## Task description
Among the entries below, find the lines with the word "finally" and return them.

[Collected data]
········

(* Let $K$ be a field, $S=K[x_1,\ldots,x_n]$, and $\alpha=(k_1,\ldots,k_n)\in\mathbb N^n$. A monomial ideal $I\subset S$ is polymatroidal if and only if its expansion $I^\alpha\subset S^\alpha$ is polymatroidal.
   Context: $\mathbb N$ denotes the positive integers. For $\alpha=(k_1,\ldots,k_n)\in\mathbb N^n$ let $S^\alpha=K[x_{ij}:1\le i\le n,\ 1\le j\le k_i]$ and $P_i=(x_{i1},\ldots,x_{ik_i})\subset S^\alpha$. If $I$ is a monomial ideal with minimal monomial generating set $G(I)=\{\mathbf x^{\mathbf a_1},\ldots,\mathbf x^{\mathbf a_r}\}$, $\mathbf x^{\mathbf a}=x_1^{\mathbf a(1)}\cdots x_n^{\mathbf a(n)}$, its expansion is $I^\alpha=\sum_{l=1}^r P_1^{\mathbf a_l(1)}\cdots P_n^{\mathbf a_l(n)}\subset S^\alpha$. A monomial ideal $I$ is polymatroidal if (i) all elements of $G(I)$ have the same degree, and (ii) whenever $u=x_1^{a_1}\cdots x_n^{a_n}$ and $v=x_1^{b_1}\cdots x_n^{b_n}$ belong to $G(I)$ with $a_i>b_i$, there exists $j$ with $a_j<b_j$ such that $x_j(u/x_i)\in G(I)$. (For $I^\alpha$ the same definition is used in the polynomial ring $S^\alpha$.) *)

theory Defs
  imports Main
begin

text \<open>Over a field K, a monomial ideal is
  determined by the set of monomials it contains, so a monomial ideal of
  K[x_v : v in V] is represented by that set of monomials: a set of monomials
  closed under multiplication by arbitrary monomials.\<close>

definition monomials :: "'v set \<Rightarrow> ('v \<Rightarrow> nat) set" where
  "monomials V = {u. \<forall>x. x \<notin> V \<longrightarrow> u x = 0}"

definition mon_divides :: "('v \<Rightarrow> nat) \<Rightarrow> ('v \<Rightarrow> nat) \<Rightarrow> bool" where
  "mon_divides u w \<longleftrightarrow> (\<forall>x. u x \<le> w x)"

definition monomial_ideal :: "'v set \<Rightarrow> ('v \<Rightarrow> nat) set \<Rightarrow> bool" where
  "monomial_ideal V I \<longleftrightarrow> I \<subseteq> monomials V \<and>
     (\<forall>u\<in>I. \<forall>w\<in>monomials V. (\<lambda>x. u x + w x) \<in> I)"

definition gen_ideal :: "'v set \<Rightarrow> ('v \<Rightarrow> nat) set \<Rightarrow> ('v \<Rightarrow> nat) set" where
  "gen_ideal V A = {w \<in> monomials V. \<exists>a\<in>A. mon_divides a w}"

definition mingens :: "('v \<Rightarrow> nat) set \<Rightarrow> ('v \<Rightarrow> nat) set" where
  "mingens I = {u \<in> I. \<forall>w\<in>I. mon_divides w u \<longrightarrow> w = u}"

definition mdeg :: "'v set \<Rightarrow> ('v \<Rightarrow> nat) \<Rightarrow> nat" where
  "mdeg V u = (\<Sum>x\<in>V. u x)"

definition polymatroidal :: "'v set \<Rightarrow> ('v \<Rightarrow> nat) set \<Rightarrow> bool" where
  "polymatroidal V I \<longleftrightarrow>
     (\<forall>u\<in>mingens I. \<forall>w\<in>mingens I. mdeg V u = mdeg V w) \<and>
     (\<forall>u\<in>mingens I. \<forall>w\<in>mingens I. \<forall>i\<in>V. u i > w i \<longrightarrow>
        (\<exists>j\<in>V. u j < w j \<and> (u(i := u i - 1))(j := u j + 1) \<in> mingens I))"

text \<open>Variables of S = K[x_1..x_n] and of S^alpha = K[x_ij : 1<=i<=n, 1<=j<=k_i].\<close>
definition vars :: "nat \<Rightarrow> nat set" where
  "vars n = {1..n}"

definition exp_vars :: "nat \<Rightarrow> (nat \<Rightarrow> nat) \<Rightarrow> (nat \<times> nat) set" where
  "exp_vars n k = {(i, j). 1 \<le> i \<and> i \<le> n \<and> 1 \<le> j \<and> j \<le> k i}"

text \<open>Monomial generators of P_1^(a 1) ... P_n^(a n), with P_i = (x_i1,...,x_ik_i):
  the monomials of S^alpha having degree exactly a i in the block of variables x_i*.\<close>
definition prodP_gens :: "nat \<Rightarrow> (nat \<Rightarrow> nat) \<Rightarrow> (nat \<Rightarrow> nat) \<Rightarrow> (nat \<times> nat \<Rightarrow> nat) set" where
  "prodP_gens n k a = {m \<in> monomials (exp_vars n k).
      \<forall>i\<in>{1..n}. (\<Sum>j\<in>{1..k i}. m (i, j)) = a i}"

definition expansion :: "nat \<Rightarrow> (nat \<Rightarrow> nat) \<Rightarrow> (nat \<Rightarrow> nat) set \<Rightarrow> (nat \<times> nat \<Rightarrow> nat) set" where
  "expansion n k I = gen_ideal (exp_vars n k) (\<Union>a\<in>mingens I. prodP_gens n k a)"

end

theory Submission
  imports Defs
begin

text \<open>Read a monomial of S^alpha through its block degrees: it lies in
  P_1^(a 1) ... P_n^(a n) exactly when its degree in the block x_i1, ..., x_ik_i is a i.
  Hence G(I^alpha) is the union of these sets over a in G(I), and every minimal
  generator determines its a. Moving one unit of exponent from x_ij to x_lj' moves
  one unit from x_i to x_l in a, and changes nothing when i = l; so exchanges inside
  a block are always possible, and exchanges between blocks are exchanges of I.
  Conversely, the exchanges of I are read off from those of I^alpha between the
  monomials concentrated on the variables x_i1.\<close>

lemma mon_divides_trans: "mon_divides u v \<Longrightarrow> mon_divides v w \<Longrightarrow> mon_divides u w"
  unfolding mon_divides_def using le_trans by blast

lemma mon_divides_antisym: "mon_divides u w \<Longrightarrow> mon_divides w u \<Longrightarrow> u = w"
  unfolding mon_divides_def by (simp add: antisym fun_eq_iff)

lemma mingens_subset_monomials:
  assumes "monomial_ideal V I"
  shows "mingens I \<subseteq> monomials V"
  using assms by (auto simp: mingens_def monomial_ideal_def)

definition block_deg :: "(nat \<Rightarrow> nat) \<Rightarrow> (nat \<times> nat \<Rightarrow> nat) \<Rightarrow> nat \<Rightarrow> nat" where
  "block_deg k m i = (\<Sum>j\<in>{1..k i}. m (i, j))"

lemma prodP_gens_iff:
  "m \<in> prodP_gens n k a \<longleftrightarrow>
     m \<in> monomials (exp_vars n k) \<and> (\<forall>i\<in>{1..n}. block_deg k m i = a i)"
  by (simp add: prodP_gens_def block_deg_def)

lemma exp_vars_Sigma: "exp_vars n k = Sigma {1..n} (\<lambda>i. {1..k i})"
  by (auto simp: exp_vars_def)

lemma mdeg_exp_vars: "mdeg (exp_vars n k) m = (\<Sum>i\<in>{1..n}. block_deg k m i)"
  by (simp add: mdeg_def exp_vars_Sigma sum.Sigma block_deg_def)

lemma mdeg_prodP_gens:
  assumes "m \<in> prodP_gens n k a"
  shows "mdeg (exp_vars n k) m = mdeg (vars n) a"
  using assms unfolding mdeg_exp_vars by (simp add: prodP_gens_iff mdeg_def vars_def)

lemma block_deg_mono:
  assumes "\<forall>j\<in>{1..k i}. m (i, j) \<le> m' (i, j)"
  shows "block_deg k m i \<le> block_deg k m' i"
  using assms unfolding block_deg_def by (intro sum_mono) auto

lemma block_deg_less_imp_less:
  assumes "block_deg k m i < block_deg k m' i"
  shows "\<exists>j\<in>{1..k i}. m (i, j) < m' (i, j)"
  using assms block_deg_mono[of k i m' m] by (meson not_le)

lemma prodP_gens_index_unique:
  assumes "m \<in> prodP_gens n k a" "m \<in> prodP_gens n k b"
    and "a \<in> monomials (vars n)" "b \<in> monomials (vars n)"
  shows "a = b"
proof
  fix x
  show "a x = b x"
    using assms by (cases "x \<in> {1..n}") (auto simp: prodP_gens_iff monomials_def vars_def)
qed

lemma prodP_gens_divides_index:
  assumes "m' \<in> prodP_gens n k a'" "m \<in> prodP_gens n k a" "mon_divides m' m"
    and "a' \<in> monomials (vars n)" "a \<in> monomials (vars n)"
  shows "mon_divides a' a"
  unfolding mon_divides_def
proof
  fix x
  show "a' x \<le> a x"
  proof (cases "x \<in> {1..n}")
    case True
    then show ?thesis
      using assms(1-3) block_deg_mono[of k x m' m] by (auto simp: prodP_gens_iff mon_divides_def)
  next
    case False
    then show ?thesis using assms(4,5) by (auto simp: monomials_def vars_def)
  qed
qed

lemma prodP_gens_divides_eq:
  assumes m': "m' \<in> prodP_gens n k a" and m: "m \<in> prodP_gens n k a" and d: "mon_divides m' m"
  shows "m' = m"
proof
  fix x
  show "m' x = m x"
  proof (cases "x \<in> exp_vars n k")
    case True
    then obtain i j where x: "x = (i, j)" "i \<in> {1..n}" "j \<in> {1..k i}"
      by (auto simp: exp_vars_def)
    have "block_deg k m' i = block_deg k m i"
      using m' m x by (simp add: prodP_gens_iff)
    then show ?thesis
      using x d by (auto simp: block_deg_def mon_divides_def intro: sum_mono_inv)
  next
    case False
    then show ?thesis using m' m by (cases x) (simp add: prodP_gens_iff monomials_def)
  qed
qed

lemma prodP_gens_subset_expansion:
  assumes "a \<in> mingens I"
  shows "prodP_gens n k a \<subseteq> expansion n k I"
  using assms by (auto simp: expansion_def gen_ideal_def prodP_gens_def mon_divides_def)

lemma mingens_expansion:
  assumes I: "monomial_ideal (vars n) I"
  shows "mingens (expansion n k I) = (\<Union>a\<in>mingens I. prodP_gens n k a)"
proof
  show "mingens (expansion n k I) \<subseteq> (\<Union>a\<in>mingens I. prodP_gens n k a)"
  proof
    fix m assume m: "m \<in> mingens (expansion n k I)"
    then obtain a m' where a: "a \<in> mingens I" and m': "m' \<in> prodP_gens n k a"
      and "mon_divides m' m"
      by (auto simp: mingens_def expansion_def gen_ideal_def)
    moreover have "m' \<in> expansion n k I"
      using prodP_gens_subset_expansion[OF a] m' by blast
    ultimately have "m' = m"
      using m by (simp add: mingens_def)
    with a m' show "m \<in> (\<Union>a\<in>mingens I. prodP_gens n k a)" by blast
  qed
  show "(\<Union>a\<in>mingens I. prodP_gens n k a) \<subseteq> mingens (expansion n k I)"
  proof
    fix m assume "m \<in> (\<Union>a\<in>mingens I. prodP_gens n k a)"
    then obtain a where a: "a \<in> mingens I" and m: "m \<in> prodP_gens n k a" by blast
    have "w = m" if w: "w \<in> expansion n k I" "mon_divides w m" for w
    proof -
      obtain a' m' where a': "a' \<in> mingens I" and m': "m' \<in> prodP_gens n k a'"
        and m'w: "mon_divides m' w"
        using w(1) by (auto simp: expansion_def gen_ideal_def)
      have m'm: "mon_divides m' m"
        using m'w w(2) by (rule mon_divides_trans)
      have "mon_divides a' a"
        using prodP_gens_divides_index[OF m' m m'm] a a' mingens_subset_monomials[OF I] by blast
      with a a' have "a' = a" by (simp add: mingens_def)
      with m' m m'm have "m' = m" by (simp add: prodP_gens_divides_eq)
      with m'w w(2) show "w = m" by (simp add: mon_divides_antisym)
    qed
    moreover have "m \<in> expansion n k I"
      using prodP_gens_subset_expansion[OF a] m by blast
    ultimately show "m \<in> mingens (expansion n k I)"
      by (simp add: mingens_def)
  qed
qed

lemma block_deg_indicator:
  assumes "(i, j) \<in> exp_vars n k"
  shows "block_deg k (\<lambda>x. if x = (i, j) then 1 else 0) r = (if r = i then 1 else 0)"
proof (cases "r = i")
  case True
  with assms have "block_deg k (\<lambda>x. if x = (i, j) then 1 else 0) r
      = (\<Sum>jj\<in>{1..k i}. if jj = j then 1 else 0)"
    by (simp add: block_deg_def)
  also have "\<dots> = 1" using assms by (simp add: exp_vars_def)
  finally show ?thesis using True by simp
qed (simp add: block_deg_def)

lemma block_deg_add: "block_deg k (\<lambda>x. f x + g x) r = block_deg k f r + block_deg k g r"
  by (simp add: block_deg_def sum.distrib)
lemma gauss_wf_chord_split:
  assumes "gauss_wf w" "c \<in> gchords w"
  obtains a \<beta> b d where "w = a @ [(c, \<beta>)] @ b @ [(c, \<not> \<beta>)] @ d"
    "c \<notin> fst ` set a" "c \<notin> fst ` set b" "c \<notin> fst ` set d"
proof -
  have dist: "distinct w" and sym: "\<And>\<beta>. (c, \<beta>) \<in> set w \<Longrightarrow> (c, \<not> \<beta>) \<in> set w"
    using assms(1) by (auto simp: gauss_wf_def)
  from assms(2) have "\<exists>x\<in>set w. fst x = c" by (auto simp: gchords_def)
  from split_list_first_prop[OF this] obtain a e r where
    w: "w = a @ e # r" and e: "fst e = c" and a: "\<forall>y\<in>set a. fst y \<noteq> c" by blast
  define \<beta> where "\<beta> = snd e"
  have e_eq: "e = (c, \<beta>)" using e by (simp add: \<beta>_def prod_eq_iff)
  have "(c, \<not> \<beta>) \<in> set r" using sym[of \<beta>] w e_eq a by auto
  then have "\<exists>x\<in>set r. fst x = c" by force
  from split_list_first_prop[OF this] obtain b e' d where
    r: "r = b @ e' # d" and e': "fst e' = c" and b: "\<forall>y\<in>set b. fst y \<noteq> c" by blast
  have "e' \<noteq> e" using dist w r by auto
  then have e'_eq: "e' = (c, \<not> \<beta>)" using e' e_eq by (cases e') auto
  have "c \<notin> fst ` set d"
  proof
    assume "c \<in> fst ` set d"
    then obtain \<gamma> where "(c, \<gamma>) \<in> set d" by auto
    moreover have "\<gamma> = \<beta> \<or> \<gamma> = (\<not> \<beta>)" by auto
    ultimately show False using dist w r e_eq e'_eq by auto
  qed
  with that show thesis using w r e_eq e'_eq a b by fastforce
qed

lemma gauss_wf_sum_list_antisym:
  assumes "gauss_wf w" "\<And>c \<beta>. f (c, \<not> \<beta>) = - f (c, \<beta>)"
  shows "sum_list (map f w) = (0::int)"
proof -
  let ?h = "\<lambda>(c::nat, \<beta>::bool). (c, \<not> \<beta>)"
  have dist: "distinct w" using assms(1) by (simp add: gauss_wf_def)
  have "?h ` set w = set w" using assms(1) unfolding gauss_wf_def by (force simp: image_iff)
  moreover have "inj_on ?h (set w)" by (auto simp: inj_on_def)
  ultimately have "(\<Sum>x\<in>set w. f x) = (\<Sum>x\<in>set w. f (?h x))"
    by (metis sum.reindex_cong)
  also have "\<dots> = - (\<Sum>x\<in>set w. f x)"
    by (simp add: assms(2) split_def sum_negf)
  finally show ?thesis using dist by (simp add: sum_list_distinct_conv_sum_set)
qed

lemma flat_index_rotate1:
  assumes "gauss_wf (x # xs)" "c \<in> gchords (x # xs)"
  shows "flat_index (xs @ [x]) c = flat_index (x # xs) c"
proof -
  obtain a \<beta> b d where w: "x # xs = a @ [(c, \<beta>)] @ b @ [(c, \<not> \<beta>)] @ d"
    and nc: "c \<notin> fst ` set a" "c \<notin> fst ` set b" "c \<notin> fst ` set d"
    using gauss_wf_chord_split[OF assms] .
  have idx: "flat_index (x # xs) c = - endpoint_weight (c, \<beta>) * word_weight b"
    unfolding w using nc(1,2) by (rule flat_index_split)
  show ?thesis
  proof (cases a)
    case Nil
    \<comment> \<open>the arc of c becomes the complementary one, of opposite weight as the word weighs 0\<close>
    have "word_weight (x # xs) = 0"
      unfolding word_weight_def
      by (rule gauss_wf_sum_list_antisym[OF assms(1)]) (simp add: endpoint_weight_def)
    then have "word_weight d = - word_weight b"
      using w Nil by (cases \<beta>) (simp_all add: endpoint_weight_def)
    moreover have "xs @ [x] = b @ [(c, \<not> \<beta>)] @ d @ [(c, \<beta>)]" using w Nil by simp
    ultimately show ?thesis
      using idx nc flat_index_split[of c b d "\<not> \<beta>" \<beta> "[]"] by (simp add: endpoint_weight_def)
  next
    case (Cons y a')
    then have "xs @ [x] = a' @ [(c, \<beta>)] @ b @ [(c, \<not> \<beta>)] @ (d @ [x])" using w by simp
    then show ?thesis using idx nc Cons flat_index_split[of c a' b] by simp
  qed
qed

lemma word_weight_relabel: "word_weight (map (\<lambda>(c, \<beta>). (f c, \<beta>)) l) = word_weight l"
  by (induction l) (auto simp: endpoint_weight_def)

lemma flat_index_relabel:
  assumes "gauss_wf w" "c \<in> gchords w" "inj_on f (gchords w)"
  shows "flat_index (map (\<lambda>(c, \<beta>). (f c, \<beta>)) w) (f c) = flat_index w c"
proof -
  let ?h = "\<lambda>(c, \<beta>). (f c, \<beta>)"
  obtain a \<beta> b d where w: "w = a @ [(c, \<beta>)] @ b @ [(c, \<not> \<beta>)] @ d"
    and nc: "c \<notin> fst ` set a" "c \<notin> fst ` set b" "c \<notin> fst ` set d"
    using gauss_wf_chord_split[OF assms(1,2)] .
  have nc': "f c \<notin> fst ` set (map ?h l)" if "set l \<subseteq> set w" "c \<notin> fst ` set l" for l
  proof
    assume "f c \<in> fst ` set (map ?h l)"
    then obtain c' \<gamma> where c': "(c', \<gamma>) \<in> set l" "f c' = f c" by auto
    then have "c' \<in> gchords w" using that by (force simp: gchords_def)
    then have "c' = c" using c' assms(2,3) by (auto dest: inj_onD)
    then show False using c' that by force
  qed
  have "set a \<subseteq> set w" "set b \<subseteq> set w" using w by auto
  then have "f c \<notin> fst ` set (map ?h a)" "f c \<notin> fst ` set (map ?h b)"
    using nc' nc by blast+
  moreover have "map ?h w = map ?h a @ [(f c, \<beta>)] @ map ?h b @ [(f c, \<not> \<beta>)] @ map ?h d"
    using w by simp
  ultimately have "flat_index (map ?h w) (f c) = - endpoint_weight (f c, \<beta>) * word_weight (map ?h b)"
    by (metis flat_index_split)
  also have "\<dots> = - endpoint_weight (c, \<beta>) * word_weight b"
    by (simp add: word_weight_relabel endpoint_weight_def)
  also have "\<dots> = flat_index w c"
    unfolding w using nc(1,2) by (rule flat_index_split[symmetric])
  finally show ?thesis .
qed

lemma flat_index_R3:
  assumes "distinct [x, y, z]" "c \<in> {x, y, z}"
    "c \<notin> fst ` set u" "c \<notin> fst ` set v" "c \<notin> fst ` set q" "c \<notin> fst ` set t"
  shows "flat_index (u @ r3_seg ccw e x y z 1 @ v @ r3_seg ccw e x y z 2 @ q @ r3_seg ccw e x y z 3 @ t) c =
         flat_index (u @ rev (r3_seg ccw e x y z 1) @ v @ rev (r3_seg ccw e x y z 2) @ q @
                     rev (r3_seg ccw e x y z 3) @ t) c"
  using assms
  by (cases ccw; cases "e 1"; cases "e 2"; cases "e 3")
     (auto simp: r3_seg_def Let_def insert_commute doubleton_eq_iff flat_index_def
        foldl_index_step_other endpoint_weight_def)

definition index_sum :: "(int \<Rightarrow> int) \<Rightarrow> gword \<Rightarrow> int" where
  "index_sum g w = (\<Sum>c\<in>gchords w. g (flat_index w c))"

lemma finite_gchords [simp]: "finite (gchords w)"
  by (simp add: gchords_def)

lemma index_sum_rotate1:
  assumes "gauss_wf w"
  shows "index_sum g (rotate1 w) = index_sum g w"
proof (cases w)
  case (Cons x xs)
  have "gchords (xs @ [x]) = gchords (x # xs)" by (auto simp: gchords_def)
  then show ?thesis
    unfolding index_sum_def Cons rotate1.simps
    using flat_index_rotate1 assms Cons by (auto intro: sum.cong)
qed simp

lemma index_sum_relabel:
  assumes "gauss_wf w" "inj_on f (gchords w)"
  shows "index_sum g (map (\<lambda>(c, \<beta>). (f c, \<beta>)) w) = index_sum g w"
proof -
  have "gchords (map (\<lambda>(c, \<beta>). (f c, \<beta>)) w) = f ` gchords w"
    by (force simp: gchords_def image_iff)
  then show ?thesis
    unfolding index_sum_def using assms flat_index_relabel[OF assms(1) _ assms(2)]
    by (simp add: sum.reindex)
qed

········

## Reply
  finally show ?thesis using True by simp
  finally show ?thesis using dist by (simp add: sum_list_distinct_conv_sum_set)
  finally show ?thesis .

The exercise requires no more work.